Personal information
- Full name: Graham Anthony Ricketts
- Date of birth: 30 July 1939
- Place of birth: Oxford, England
- Date of death: 6 July 2025 (aged 85)
- Place of death: Peterborough, England
- Position: Wing half

Senior career*
- Years: Team / Apps / (Gls)
- 1956–1961: Bristol Rovers / 32 / (0)
- 1961–1964: Stockport County / 119 / (6)
- 1964–1968: Doncaster Rovers / 150 / (15)
- 1968–1970: Peterborough United / 46 / (1)
- 1970–19??: King's Lynn
- March Town United
- Yaxley

International career
- 1956: England Youth / 4 / (0)

= Graham Ricketts =

English footballer (1939–2025)

Graham Anthony Ricketts (30 July 1939 – 6 July 2025) was an English footballer. He played as a wing half for Bristol Rovers, Stockport County, Doncaster Rovers, and Peterborough United. He was also an England Youth international.

==Club career==
Ricketts began his career at Bristol Rovers, moving to Stockport County in 1961.

===Doncaster Rovers===
Ricketts was signed in July 1964 by English fourth division club Doncaster Rovers, his debut being in a 5–2 defeat at Bradford Park Avenue on 22 August 1954.

===Peterborough United===
Ricketts was sold for £2,500 to Peterborough United of the English third division in March 1968. His first game was against Stockport County on 9 March 1968, and his first goal was in a 1–1 draw at Shrewsbury Town a week later.

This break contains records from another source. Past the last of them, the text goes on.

lemma monotone_translation_rigid:
  fixes K :: "real \<Rightarrow> real"
  assumes mono: "strict_mono_on UNIV K \<or> strict_antimono_on UNIV K"
    and tr: "\<And>u. K (u + a) = K u + b" and tr0: "\<And>u. K (u + a0) = K u + b0" and a0: "a0 \<noteq> 0"
  shows "b * a0 = b0 * a"
proof -
  have increasing: "b' * a0 = b0' * a"
    if inc: "\<And>x y. x < y \<Longrightarrow> K' x < K' y" and tr': "\<And>u. K' (u + a) = K' u + b'"
      and tr0': "\<And>u. K' (u + a0) = K' u + b0'" for K' :: "real \<Rightarrow> real" and b' b0'
  proof (cases "a0 > 0")
    case True show ?thesis by (rule increasing_translation_rigid[of K' a b' a0 b0', OF inc tr' tr0' True])
  next
    case False
    hence pos: "- a0 > 0" using a0 by simp
    have tr0_neg: "K' (u + - a0) = K' u + - b0'" for u using tr0'[of "u - a0"] by simp
    have "b' * (- a0) = (- b0') * a"
      by (rule increasing_translation_rigid[of K' a b' "- a0" "- b0'", OF inc tr' tr0_neg pos])
    thus ?thesis by simp
  qed
  from mono show ?thesis
  proof
    assume "strict_mono_on UNIV K"
    thus ?thesis using increasing[OF _ tr tr0] by (simp add: strict_mono_on_def)
  next
    assume "strict_antimono_on UNIV K"
    hence "\<And>x y. x < y \<Longrightarrow> - K x < - K y" by (simp add: monotone_on_def)
    moreover have "- K (u + a) = - K u + - b" and "- K (u + a0) = - K u + - b0" for u
      by (simp_all add: tr tr0)
    ultimately have "(- b) * a0 = (- b0) * a" by (rule increasing)
    thus ?thesis by simp
  qed
qed

section \<open>Necessity of the power relation\<close>

lemma conjugate_unit_scale:
  assumes hom: "homeomorphism UNIV UNIV h h'"
    and l: "l = 1 \<or> l = -1" and eq: "\<forall>z. h (scale l z) = scale m (h z)"
  shows "m = l"
proof -
  have h'h: "\<And>x. h' (h x) = x" and hh': "\<And>y. h (h' y) = y"
    using hom by (auto simp: homeomorphism_def)
  have hz: "h (h' (Fin 1)) = Fin 1" by (rule hh')
  show ?thesis using l
  proof
    assume l1: "l = 1"
    have "h (h' (Fin 1)) = scale m (h (h' (Fin 1)))" using eq l1 by simp
    thus ?thesis using hz l1 by simp
  next
    assume l1: "l = -1"
    have "h (scale l (scale l (h' (Fin 1)))) = scale m (scale m (h (h' (Fin 1))))" using eq by simp
    hence "Fin 1 = scale (m * m) (Fin 1)" using l1 hz by (simp add: scale_scale)
    hence "m = 1 \<or> m = -1" by (simp add: square_eq_1_iff)
    moreover have "m \<noteq> 1"
    proof
      assume "m = 1"
      hence "h' (h (scale l (Fin 1))) = h' (h (Fin 1))" using eq[rule_format, of "Fin 1"] by simp
      thus False using l1 h'h by simp
    qed
    ultimately show ?thesis using l1 by simp
  qed
qed

text \<open>If \<open>|l| \<noteq> 1\<close>, the only fixed points of the scaling by \<open>l\<close> are \<open>0\<close> and \<open>\<infinity>\<close>, and a
  conjugacy to a scaling must permute them.\<close>
lemma conjugate_scale_fixes_zero_infty:
  assumes hom: "homeomorphism UNIV UNIV h h'"
    and L: "\<bar>l\<bar> \<noteq> 1" and eq: "\<forall>z. h (scale l z) = scale m (h z)"
  shows "h (Fin 0) \<in> {Fin 0, Infty}" and "h Infty \<in> {Fin 0, Infty}"
proof -
  have h'h: "\<And>x. h' (h x) = x" using hom by (auto simp: homeomorphism_def)
  have "m \<noteq> 1"
  proof
    assume "m = 1"
    hence "h' (h (scale l (Fin 1))) = h' (h (Fin 1))" using eq[rule_format, of "Fin 1"] by simp
    thus False using L h'h by simp
  qed
  have fixed: "h x \<in> {Fin 0, Infty}" if "scale l x = x" for x
  proof (cases "h x")
    case (Fin y)
    have "h x = scale m (h x)" using eq that by metis
    hence "(m - 1) * y = 0" using Fin by (simp add: algebra_simps)
    thus ?thesis using \<open>m \<noteq> 1\<close> Fin by simp
  qed simp
  show "h (Fin 0) \<in> {Fin 0, Infty}" and "h Infty \<in> {Fin 0, Infty}" by (rule fixed, simp)+
qed

lemma punctured_restriction:
  assumes hom: "homeomorphism UNIV UNIV h h'"
    and h0: "h (Fin 0) \<in> {Fin 0, Infty}" and hI: "h Infty \<in> {Fin 0, Infty}"
  obtains k where "\<forall>y. y \<noteq> 0 \<longrightarrow> h (Fin y) = Fin (k y) \<and> k y \<noteq> 0"
    and "\<forall>t. t \<noteq> 0 \<longrightarrow> (\<exists>y. y \<noteq> 0 \<and> k y = t)"
    and "continuous_on (-{0}) k" and "inj_on k (-{0})"
proof -
  have h'h: "\<And>x. h' (h x) = x" and hh': "\<And>y. h (h' y) = y" and ch: "continuous_on UNIV h"
    using hom by (auto simp: homeomorphism_def)
  have inj: "x = x'" if "h x = h x'" for x x' using h'h that by metis
  have ne: "h (Fin 0) \<noteq> h Infty" using inj by blast
  define k where "k y = (case h (Fin y) of Fin t \<Rightarrow> t | Infty \<Rightarrow> 0)" for y
  have hk: "h (Fin y) = Fin (k y) \<and> k y \<noteq> 0" if y: "y \<noteq> 0" for y
  proof -
    have "h (Fin y) \<notin> {Fin 0, Infty}"
    proof
      assume "h (Fin y) \<in> {Fin 0, Infty}"
      hence "h (Fin y) = h (Fin 0) \<or> h (Fin y) = h Infty" using h0 hI ne by auto
      thus False using inj y by blast
    qed
    then obtain t where "h (Fin y) = Fin t" "t \<noteq> 0" by (cases "h (Fin y)") auto
    thus ?thesis by (simp add: k_def)
  qed
  have onto: "\<exists>y. y \<noteq> 0 \<and> k y = t" if t: "t \<noteq> 0" for t
  proof -
    have "h' (Fin t) \<notin> {Fin 0, Infty}"
    proof
      assume "h' (Fin t) \<in> {Fin 0, Infty}"
      hence "Fin t \<in> {Fin 0, Infty}" using h0 hI hh'[of "Fin t"] by auto
      thus False using t by simp
    qed
    then obtain y where y: "h' (Fin t) = Fin y" "y \<noteq> 0" by (cases "h' (Fin t)") auto
    have "Fin (k y) = Fin t" using hk[OF y(2)] hh'[of "Fin t"] y(1) by simp
    thus ?thesis using y by auto
  qed
  have "inj_on k (-{0})"
  proof (rule inj_onI)
    fix y y' assume "y \<in> -{0}" "y' \<in> -{0}" "k y = k y'"
    hence "h (Fin y) = h (Fin y')" using hk by simp
    thus "y = y'" using inj by blast
  qed
  moreover have "continuous_on (-{0}) k"
    unfolding continuous_on_open_vimage[OF open_Compl[OF closed_singleton]]
  proof (intro allI impI)
    fix B :: "real set" assume B: "open B"
    have "open (Fin ` B)" using B by (auto simp: open_pline_def vimage_def image_iff)
    hence "open (Fin -` (h -` (Fin ` B)))"
      using ch by (simp add: continuous_on_open_vimage open_Fin_vimage)
    moreover have "k -` B \<inter> - {0} = Fin -` (h -` (Fin ` B)) \<inter> -{0}"
      using hk by auto
    ultimately show "open (k -` B \<inter> - {0})" by auto
  qed
  ultimately show ?thesis using that hk onto by blast
qed

text \<open>A continuous function without zeros on the punctured line has constant sign on each
  half-line (intermediate value theorem).\<close>
lemma sgn_eq_same_side:
  fixes k :: "real \<Rightarrow> real"
  assumes kc: "continuous_on (-{0}) k" and nz: "\<forall>y. y \<noteq> 0 \<longrightarrow> k y \<noteq> 0"
    and ab: "(a > 0 \<and> b > 0) \<or> (a < 0 \<and> b < 0)"
  shows "sgn (k a) = sgn (k b)"
proof -
  have pos: "k x * k y > 0" if xy: "x \<le> y" "(x > 0 \<and> y > 0) \<or> (x < 0 \<and> y < 0)" for x y
  proof (rule ccontr)
    have c: "continuous_on {x..y} k" using continuous_on_subset[OF kc] xy by auto
    assume "\<not> k x * k y > 0"
    hence "(k x \<le> 0 \<and> 0 \<le> k y) \<or> (k y \<le> 0 \<and> 0 \<le> k x)" by (auto simp: zero_less_mult_iff)
    then obtain z where "x \<le> z" "z \<le> y" "k z = 0"
      using IVT'[of k x 0 y, OF _ _ xy(1) c] IVT2'[of k y 0 x, OF _ _ xy(1) c] by blast
    moreover have "z \<noteq> 0" using \<open>x \<le> z\<close> \<open>z \<le> y\<close> xy by auto
    ultimately show False using nz by auto
  qed
  have "k a * k b > 0"
    using pos[of a b] pos[of b a] ab by (cases "a \<le> b") (auto simp: mult.commute)
  thus ?thesis by (auto simp: zero_less_mult_iff sgn_if)
qed

lemma sgn_punctured_homeomorphism:
  fixes k :: "real \<Rightarrow> real"
  assumes kc: "continuous_on (-{0}) k" and nz: "\<forall>y. y \<noteq> 0 \<longrightarrow> k y \<noteq> 0"
    and onto: "\<forall>t. t \<noteq> 0 \<longrightarrow> (\<exists>y. y \<noteq> 0 \<and> k y = t)" and y: "y \<noteq> 0"
  shows "sgn (k y) = sgn y * sgn (k 1)"
proof -
  have k1: "k 1 \<noteq> 0" using nz by simp
  have pos: "sgn (k y) = sgn (k 1)" if "y > 0" for y
    by (rule sgn_eq_same_side[OF kc nz]) (use that in simp)
  have neg: "sgn (k y) = sgn (k (-1))" if "y < 0" for y
    by (rule sgn_eq_same_side[OF kc nz]) (use that in simp)
  \<comment> \<open>the value \<open>- k 1\<close> is attained, necessarily on the negative half-line\<close>
  obtain z where z: "z \<noteq> 0" "k z = - k 1" using onto k1 by (metis neg_equal_0_iff_equal)
  have "z < 0" using pos[of z] z k1 by (cases "z > 0") (auto simp: sgn_minus sgn_zero_iff)
  hence opp: "sgn (k (-1)) = - sgn (k 1)" using neg[of z] z by (simp add: sgn_minus)
  show ?thesis
  proof (cases "y > 0")
    case True thus ?thesis using pos[OF True] by simp
  next
    case False thus ?thesis using neg[of y] opp y by simp
  qed
qed

lemma sgn_multiplier:
  fixes k :: "real \<Rightarrow> real"
  assumes kc: "continuous_on (-{0}) k" and nz: "\<forall>y. y \<noteq> 0 \<longrightarrow> k y \<noteq> 0"
    and onto: "\<forall>t. t \<noteq> 0 \<longrightarrow> (\<exists>y. y \<noteq> 0 \<and> k y = t)"
    and eq: "k l = m * k 1" and l: "l \<noteq> 0"
  shows "sgn m = sgn l"
proof -
  have "sgn l * sgn (k 1) = sgn m * sgn (k 1)"
    using sgn_punctured_homeomorphism[OF kc nz onto l] eq by (auto simp: sgn_mult)
  moreover have "sgn (k 1) \<noteq> 0" using nz by (simp add: sgn_zero_iff)
  ultimately show ?thesis by auto
qed

lemma log_multipliers_proportional:
  fixes K :: "real \<Rightarrow> real"
  assumes cont: "continuous_on UNIV K" and inj: "inj K"
    and tr: "\<forall>r\<in>I. \<forall>u. K (u + 2 * ln \<bar>l r\<bar>) = K u + 2 * ln \<bar>m r\<bar>"
    and r0: "r0 \<in> I" and l0: "l r0 \<noteq> 0" and L: "\<bar>l r0\<bar> \<noteq> 1"
  shows "\<exists>c. c \<noteq> 0 \<and> (\<forall>r\<in>I. ln \<bar>m r\<bar> = c * ln \<bar>l r\<bar>)"
proof -
  have mono: "strict_mono_on UNIV K \<or> strict_antimono_on UNIV K"
    using injective_eq_monotone_map[of UNIV K] cont inj by simp
  define a0 where "a0 = 2 * ln \<bar>l r0\<bar>"
  define b0 where "b0 = 2 * ln \<bar>m r0\<bar>"
  have a0: "a0 \<noteq> 0" using L l0 by (simp add: a0_def)
  have tr0: "K (u + a0) = K u + b0" for u using tr r0 by (simp add: a0_def b0_def)
  have b0: "b0 \<noteq> 0"
  proof
    assume "b0 = 0"
    hence "K (0 + a0) = K 0" using tr0[of 0] by simp
    hence "0 + a0 = 0" using inj by (meson injD)
    thus False using a0 by simp
  qed
  show ?thesis
  proof (intro exI conjI ballI)
    show "b0 / a0 \<noteq> 0" using a0 b0 by simp
    fix r assume r: "r \<in> I"
    have "(2 * ln \<bar>m r\<bar>) * a0 = b0 * (2 * ln \<bar>l r\<bar>)"
      by (rule monotone_translation_rigid[OF mono _ tr0 a0]) (use tr r in simp)
    thus "ln \<bar>m r\<bar> = b0 / a0 * ln \<bar>l r\<bar>" using a0 by (simp add: field_simps)
  qed
qed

At the end of the 1969–70 season, Ricketts left to play for King's Lynn, and later played for March Town United and Yaxley.

==International career==
Ricketts was an England youth international, playing in four matches in February and March 1956.

==Personal life and death==
His grandson, Joe Burgess, played as a defender for Peterborough United, Histon, Fleetwood Town, Ilkeston, and Boston United. He had three daughters, five grandchildren, and one great grandchild.

Ricketts died on 6 July 2025, at the age of 85.